** What is expected **
Pull out every line below holding the word "spectrum".

* * *

(* Let $M_0=\mathbb A^2$ with coordinates $(x,y)$, $l_x=\{x=0\}$, $c_1=(0,0)$, and let $M_\ell\to\dots\to M_1\to M_0$ be the sequence of blow-ups where $M_j\to M_{j-1}$ blows up the point $c_j$, with $c_1=(0,0)$ and, for $j\ge2$, $c_j$ the intersection of the strict transform of $l_x$ in $M_{j-1}$ with the exceptional divisor of $M_{j-1}\to M_{j-2}$. Let $P=(m_1\ge\dots\ge m_\ell)$ be a partition of $r$ and let $X\subset M_0$ be the curve $F(x,y)=y^r+s_1(x)y^{r-1}+\dots+s_r(x)=0$, $s_\mu\in\mathbb C[x]$. The following are equivalent: (1) $X$ passes through $c_1$ with multiplicity at least $m_1$, and for $j=2,\dots,\ell$ the total transform of $X$ in $M_{j-1}$ passes through $c_j$ with multiplicity at least $m_1+\dots+m_j$; (2) for all $1\le\mu\le r$, the vanishing order of $s_\mu$ at $x=0$ is at least $\gamma_P(\mu)$; (3) $\partial_y^u\partial_x^aF(0,0)=0$ for all $(u,a)\in G(P)$.
   Context: Level function $\gamma_P$ of a partition $P=(m_1\ge\dots\ge m_\ell)$ of $r$: number the boxes of its Young diagram (row $j$ has $m_j$ boxes) by $1,\dots,r$, top to bottom within each column, columns left to right; $\gamma_P(k)$ is the column index of box $k$. Level domain: $G(P)=\{(u,a)\in\mathbb Z^2:0\le u<r,\ 0\le a<\gamma_P(r-u)\}$. *)

theory Defs
  imports "HOL-Computational_Algebra.Polynomial"
begin
(* Let $A\in\mathcal A_n$. Then $\tau(A)$ is naturally labeled.
   Context: $\mathcal A_n$ is the set of ordered products $A=A_1\times\cdots\times A_k$ of connected linear Nakayama algebras (over an algebraically closed field) with $n$ simple modules in total; its Kupisch series $[c_0,\dots,c_{n-1}]$ is the concatenation of those of the factors, where a connected linear Nakayama algebra with $m$ simple modules has Kupisch series $[c_0,\dots,c_{m-1}]$, $c_i=\dim e_iA$, characterized by $c_{i+1}+1\ge c_i\ge2$ for $0\le i<m-1$ and $c_{m-1}=1$. $\tau(A)$ is the tree on $\{0,\dots,n\}$, rooted at $n$, in which the parent of $i$ is $i+c_i$ for $0\le i<n$. A rooted tree with vertex set $\{0,\dots,n\}$ is naturally labeled if labels increase towards the root and, for each $i$, all children of $i$ have labels smaller than all children of $i+1$. *)

theory Defs
  imports Main
begin

text \<open>Kupisch series of a connected linear Nakayama algebra with m simple modules:
  a list [c_0,...,c_{m-1}] with m \<ge> 1, c_{m-1} = 1 and c_{i+1}+1 \<ge> c_i \<ge> 2 for i < m-1.\<close>
definition connected_linear_kupisch :: "nat list \<Rightarrow> bool" where
  "connected_linear_kupisch c \<longleftrightarrow>
     c \<noteq> [] \<and> c ! (length c - 1) = 1 \<and>
     (\<forall>i. i + 1 < length c \<longrightarrow> c ! (Suc i) + 1 \<ge> c ! i \<and> c ! i \<ge> 2)"

definition kupisch_of_product :: "nat list list \<Rightarrow> nat list" where
  "kupisch_of_product ks = concat ks"

text \<open>The class A_n, represented by Kupisch series (which determine the algebras up to isomorphism).\<close>
definition A_class :: "nat \<Rightarrow> nat list set" where
  "A_class n = {kupisch_of_product ks | ks.
      (\<forall>k\<in>set ks. connected_linear_kupisch k) \<and> length (kupisch_of_product ks) = n}"

text \<open>The tree tau(A) on {0..n}, rooted at n, given by its parent function: parent(i) = i + c_i.\<close>
definition tau_parent :: "nat list \<Rightarrow> nat \<Rightarrow> nat" where
  "tau_parent c i = i + c ! i"

text \<open>A rooted tree on {0..n} with root n, given by a parent map p on {0..<n}, is naturally labeled
  if labels increase towards the root and all children of i are smaller than all children of i+1.
  The condition  i < p i \<le> n  for all i < n also guarantees p defines a tree rooted at n.\<close>
definition naturally_labeled :: "nat \<Rightarrow> (nat \<Rightarrow> nat) \<Rightarrow> bool" where
  "naturally_labeled n p \<longleftrightarrow>
     (\<forall>i<n. i < p i \<and> p i \<le> n) \<and>
     (\<forall>i<n. \<forall>a<n. \<forall>b<n. p a = i \<and> p b = Suc i \<longrightarrow> a < b)"

end

theory Submission
  imports Defs
begin

text \<open>Every connected block of a Kupisch series ends in 1, so the local conditions
  c_i \<ge> 1, c_i \<le> c_{i+1} + 1 and "the last entry is 1" survive concatenation. For the parent map
  p(i) = i + c_i they say that p(i) > i, that p is weakly increasing and that p(n-1) = n.
  Weak monotonicity alone already forces every child of i below every child of i + 1.\<close>

definition linear_kupisch :: "nat list \<Rightarrow> bool" where
  "linear_kupisch c \<longleftrightarrow>
     (\<forall>i<length c. 1 \<le> c ! i) \<and>
     (\<forall>i. Suc i < length c \<longrightarrow> c ! i \<le> c ! Suc i + 1) \<and>
     (c \<noteq> [] \<longrightarrow> last c = 1)"

lemma linear_kupisch_Nil: "linear_kupisch []"
  by (simp add: linear_kupisch_def)

lemma connected_linear_kupisch_imp_linear_kupisch:
  assumes "connected_linear_kupisch c"
  shows "linear_kupisch c"
proof -
  have last: "c \<noteq> []" "last c = 1"
    using assms by (simp_all add: connected_linear_kupisch_def last_conv_nth)
  have step: "2 \<le> c ! i \<and> c ! i \<le> c ! Suc i + 1" if "Suc i < length c" for i
    using assms that by (auto simp: connected_linear_kupisch_def)
  have "1 \<le> c ! i" if "i < length c" for i
  proof (cases "Suc i < length c")
    case True
    then show ?thesis using step by fastforce
  next
    case False
    then have "i = length c - 1" using that by simp
    then show ?thesis using last by (simp add: last_conv_nth)
  qed
  then show ?thesis
    using step last by (simp add: linear_kupisch_def)
qed

lemma linear_kupisch_append:
  assumes a: "linear_kupisch a" and b: "linear_kupisch b"
  shows "linear_kupisch (a @ b)"
proof -
  have step: "(a @ b) ! i \<le> (a @ b) ! Suc i + 1" if i: "Suc i < length (a @ b)" for i
  proof -
    consider "Suc i < length a" | "Suc i = length a" | "length a \<le> i" by linarith
    then show ?thesis
    proof cases
      case 1
      then show ?thesis using a by (simp add: linear_kupisch_def nth_append)
    next
      case 2
      then have "a \<noteq> []" "i = length a - 1" by auto
      then have "a ! i = 1"
        using a by (simp add: linear_kupisch_def last_conv_nth)
      with 2 show ?thesis by (simp add: nth_append)
    next
      case 3
      then show ?thesis
        using b i by (simp add: linear_kupisch_def nth_append Suc_diff_le)
    qed
  qed
  moreover have "1 \<le> (a @ b) ! i" if "i < length (a @ b)" for i
    using a b that by (auto simp: linear_kupisch_def nth_append)
  moreover have "last (a @ b) = 1" if "a @ b \<noteq> []"
    using a b that by (cases "b = []") (auto simp: linear_kupisch_def)
  ultimately show ?thesis
    by (simp add: linear_kupisch_def)
qed

lemma linear_kupisch_concat:
  assumes "\<forall>k\<in>set ks. linear_kupisch k"
  shows "linear_kupisch (concat ks)"
  using assms by (induction ks) (simp_all add: linear_kupisch_Nil linear_kupisch_append)

lemma linear_kupisch_tau_parent_mono:
  assumes "linear_kupisch c" "i \<le> j" "j < length c"
  shows "tau_parent c i \<le> tau_parent c j"
proof -
  have "tau_parent c k \<le> tau_parent c (Suc k)" if "Suc k < length c" for k
    using assms(1) that by (simp add: linear_kupisch_def tau_parent_def)
  then show ?thesis
    using lift_Suc_mono_le_ivl[of "{k. Suc k < length c}" "tau_parent c" i j] assms(2,3)
    by (auto simp: subset_iff)
qed

lemma linear_kupisch_tau_parent_gt:
  assumes "linear_kupisch c" "i < length c"
  shows "i < tau_parent c i"
  using assms by (auto simp: linear_kupisch_def tau_parent_def)

lemma linear_kupisch_tau_parent_le_length:
  assumes c: "linear_kupisch c" and i: "i < length c"
  shows "tau_parent c i \<le> length c"
proof -
  have "tau_parent c i \<le> tau_parent c (length c - 1)"
    using linear_kupisch_tau_parent_mono[OF c] i by simp
  also have "\<dots> = length c"
    using c i by (auto simp: linear_kupisch_def tau_parent_def last_conv_nth)
  finally show ?thesis .
qed

lemma naturally_labeled_if_mono:
  assumes "\<And>i. i < n \<Longrightarrow> i < p i" and "\<And>i. i < n \<Longrightarrow> p i \<le> n"
    and mono: "\<And>a b. a \<le> b \<Longrightarrow> b < n \<Longrightarrow> p a \<le> p b"
  shows "naturally_labeled n p"
  unfolding naturally_labeled_def
proof (intro conjI allI impI)
  fix i a b
  assume "a < n" "b < n" "p a = i \<and> p b = Suc i"
  then show "a < b"
    using mono[of b a] by (metis Suc_n_not_le_n not_less)
qed (use assms in auto)

theorem lemma3p5:
  fixes n :: nat and c :: "nat list"
  assumes "c \<in> A_class n"
  shows "naturally_labeled n (tau_parent c)"
proof -
  obtain ks where c: "c = concat ks" "length c = n"
    and blocks: "\<forall>k\<in>set ks. connected_linear_kupisch k"
    using assms by (auto simp: A_class_def kupisch_of_product_def)
  have "linear_kupisch c"
    using c(1) blocks connected_linear_kupisch_imp_linear_kupisch linear_kupisch_concat
    by blast
  then show ?thesis
    using c(2) by (intro naturally_labeled_if_mono) (auto intro: linear_kupisch_tau_parent_gt
        linear_kupisch_tau_parent_le_length linear_kupisch_tau_parent_mono)
qed

end
(* The matrix player runs matrix exponential weights with potential Phi(A) = ln tr exp A.
   Gibbs' variational inequality <Y, rho> <= Phi(Y) + sum_j r_j ln r_j (r the spectrum of rho)
   shows both that Phi dominates <_, rho> on density matrices and that Phi is convex with gradient
   the Gibbs state exp A / tr exp A.  As rho^(t) is the Gibbs state of a cumulative sum that already
   contains S^(t), telescoping Phi gives sum_t <S^(t), rho> <= sum_t <S^(t), rho^(t)> + ln p / eta_rho.
   The weight player's relative-entropy projection onto the capped simplex is positive and satisfies
   the generalised Pythagorean inequality; together with ln (1 - x) >= - x - x^2 this gives
   eta_w sum_t <m^(t), w^(t)> <= RE(w || w^(1)) + eta_w (1 + eta_w nu) sum_t <m^(t), w>.
   The two bounds chain since <S^(t), rho^(t)> = <m^(t), w^(t)>; the losses lie in [0, nu] because
   the center lies in the convex hull of the g_n and Gibbs states have spectrum in [0, 1].  The
   factor 1 + eta_rho nu >= 1 only weakens the bound. *)

lemma linear_coeff_nonneg:
  fixes a b :: real
  assumes "\<And>s. 0 < s \<Longrightarrow> s \<le> 1 \<Longrightarrow> 0 \<le> s * a + s\<^sup>2 * b"
  shows "0 \<le> a"
proof (rule ccontr)
  assume "\<not> 0 \<le> a"
  define s where "s = min 1 (- a / (2 * (\<bar>b\<bar> + 1)))"
  have s: "0 < s" "s \<le> 1" using \<open>\<not> 0 \<le> a\<close> by (auto simp: s_def divide_neg_pos)
  have "s * \<bar>b\<bar> \<le> - a / (2 * (\<bar>b\<bar> + 1)) * \<bar>b\<bar>"
    by (intro mult_right_mono) (auto simp: s_def)
  also have "\<dots> \<le> - a / 2" using \<open>\<not> 0 \<le> a\<close> by (simp add: field_simps)
  finally have "a + s * b < 0"
    using \<open>\<not> 0 \<le> a\<close> s abs_ge_self[of b] mult_left_mono[of b "\<bar>b\<bar>" s] by linarith
  then have "s * a + s\<^sup>2 * b < 0"
    using s mult_pos_neg[of s "a + s * b"] by (simp add: algebra_simps power2_eq_square)
  then show False using assms[OF s] by simp
qed

lemma exp_weighted_sum_le:
  fixes c y :: "'a \<Rightarrow> real"
  assumes "finite S" "\<And>i. i \<in> S \<Longrightarrow> 0 \<le> c i" "(\<Sum>i\<in>S. c i) = 1"
  shows "exp (\<Sum>i\<in>S. c i * y i) \<le> (\<Sum>i\<in>S. c i * exp (y i))"
proof -
  have "S \<noteq> {}" using assms(3) by auto
  from convex_on_sum[OF assms(1) this exp_convex assms(3,2)] show ?thesis by simp
qed

lemma ln_one_minus_ge:
  fixes x :: real
  assumes "0 \<le> x" "x \<le> 1/2"
  shows "- x - x\<^sup>2 \<le> ln (1 - x)"
proof -
  define f where "f t = ln (1 - t) + t + t\<^sup>2" for t :: real
  define f' where "f' t = - 1 / (1 - t) + 1 + 2 * t" for t :: real
  have "f 0 \<le> f x"
  proof (rule deriv_nonneg_imp_mono[of 0 x f f'])
    fix t assume t: "t \<in> {0..x}"
    then have "t < 1" using assms by simp
    show "(f has_real_derivative f' t) (at t)"
      unfolding f_def f'_def using \<open>t < 1\<close>
      by (auto intro!: derivative_eq_intros simp: power2_eq_square field_simps)
    have "f' t = t * (1 - 2 * t) / (1 - t)"
      using \<open>t < 1\<close> by (simp add: f'_def field_simps)
    moreover have "0 \<le> t * (1 - 2 * t)"
      using t assms by auto
    ultimately show "0 \<le> f' t"
      using \<open>t < 1\<close> by simp
  qed (use assms in simp)
  then show ?thesis by (simp add: f_def)
qed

* * *

** Exercise answer **
   Gibbs' variational inequality <Y, rho> <= Phi(Y) + sum_j r_j ln r_j (r the spectrum of rho)
   the center lies in the convex hull of the g_n and Gibbs states have spectrum in [0, 1].  The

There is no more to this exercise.